## What you will do
The records below must be transcribed precisely and in full.

## Data provided
(* Let $E$ be a graph. (1) The cardinality of the set of shift-tail equivalence classes of $\partial E$ is at most the cardinality of the set of unitary equivalence classes of irreducible $*$-representations of $C^*(E)$. Consequently, if any two ($*$-)representations of $C^*(E)$ are unitarily equivalent, then any two paths in $\partial E$ are shift-tail equivalent. (2) For any field $k$, the cardinality of the set of shift-tail equivalence classes of $\partial E$ is at most the cardinality of the set of algebraic equivalence classes of irreducible representations of $L_k(E)$. Consequently, if there exists a field $k$ such that any two representations of $L_k(E)$ are algebraically equivalent, then any two paths in $\partial E$ are shift-tail equivalent.
   Context: A graph $E=(E^0,E^1,r,s)$ has vertex set $E^0$, edge set $E^1$, range and source maps; no countability assumed. A vertex is singular if it emits no edges or infinitely many edges, regular otherwise. Finite paths include vertices (length $0$) and sequences $e_1\cdots e_n$ with $r(e_i)=s(e_{i+1})$; infinite paths are sequences $e_1e_2\cdots$. Boundary paths $\partial E$: infinite paths together with finite paths whose range is singular. The shift $\sigma_E$ removes the first edge (fixes vertices; sends a single edge $e$ to $r(e)$); $\alpha,\beta\in\partial E$ are shift-tail equivalent if $\sigma_E^m(\alpha)=\sigma_E^n(\beta)$ for some $m,n\in\mathbb{N}$. $L_k(E)$: universal $k$-algebra generated by pairwise orthogonal idempotents $p_v$ and elements $s_e,s_e^*$ with $p_{s(e)}s_e=s_e=s_ep_{r(e)}$, $p_{r(e)}s_e^*=s_e^*=s_e^*p_{s(e)}$, $s_e^*s_f=\delta_{e,f}p_{r(e)}$, $p_v=\sum_{s(e)=v}s_es_e^*$ for regular $v$. $C^*(E)$: universal $C^*$-algebra generated by mutually orthogonal projections $p_v$ and partial isometries $s_e$ with mutually orthogonal ranges, $s_e^*s_e=p_{r(e)}$, $s_es_e^*\le p_{s(e)}$, $p_v=\sum_{s(e)=v}s_es_e^*$ for regular $v$. Algebraic equivalence: intertwined by a linear isomorphism; unitary equivalence: intertwined by a unitary. *)

theory Defs
  imports "HOL-Analysis.Analysis"
begin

## Answer
(* Let $E$ be a graph. (1) The cardinality of the set of shift-tail equivalence classes of $\partial E$ is at most the cardinality of the set of unitary equivalence classes of irreducible $*$-representations of $C^*(E)$. Consequently, if any two ($*$-)representations of $C^*(E)$ are unitarily equivalent, then any two paths in $\partial E$ are shift-tail equivalent. (2) For any field $k$, the cardinality of the set of shift-tail equivalence classes of $\partial E$ is at most the cardinality of the set of algebraic equivalence classes of irreducible representations of $L_k(E)$. Consequently, if there exists a field $k$ such that any two representations of $L_k(E)$ are algebraically equivalent, then any two paths in $\partial E$ are shift-tail equivalent.
   Context: A graph $E=(E^0,E^1,r,s)$ has vertex set $E^0$, edge set $E^1$, range and source maps; no countability assumed. A vertex is singular if it emits no edges or infinitely many edges, regular otherwise. Finite paths include vertices (length $0$) and sequences $e_1\cdots e_n$ with $r(e_i)=s(e_{i+1})$; infinite paths are sequences $e_1e_2\cdots$. Boundary paths $\partial E$: infinite paths together with finite paths whose range is singular. The shift $\sigma_E$ removes the first edge (fixes vertices; sends a single edge $e$ to $r(e)$); $\alpha,\beta\in\partial E$ are shift-tail equivalent if $\sigma_E^m(\alpha)=\sigma_E^n(\beta)$ for some $m,n\in\mathbb{N}$. $L_k(E)$: universal $k$-algebra generated by pairwise orthogonal idempotents $p_v$ and elements $s_e,s_e^*$ with $p_{s(e)}s_e=s_e=s_ep_{r(e)}$, $p_{r(e)}s_e^*=s_e^*=s_e^*p_{s(e)}$, $s_e^*s_f=\delta_{e,f}p_{r(e)}$, $p_v=\sum_{s(e)=v}s_es_e^*$ for regular $v$. $C^*(E)$: universal $C^*$-algebra generated by mutually orthogonal projections $p_v$ and partial isometries $s_e$ with mutually orthogonal ranges, $s_e^*s_e=p_{r(e)}$, $s_es_e^*\le p_{s(e)}$, $p_v=\sum_{s(e)=v}s_es_e^*$ for regular $v$. Algebraic equivalence: intertwined by a linear isomorphism; unitary equivalence: intertwined by a unitary. *)

theory Defs
  imports "HOL-Analysis.Analysis"
begin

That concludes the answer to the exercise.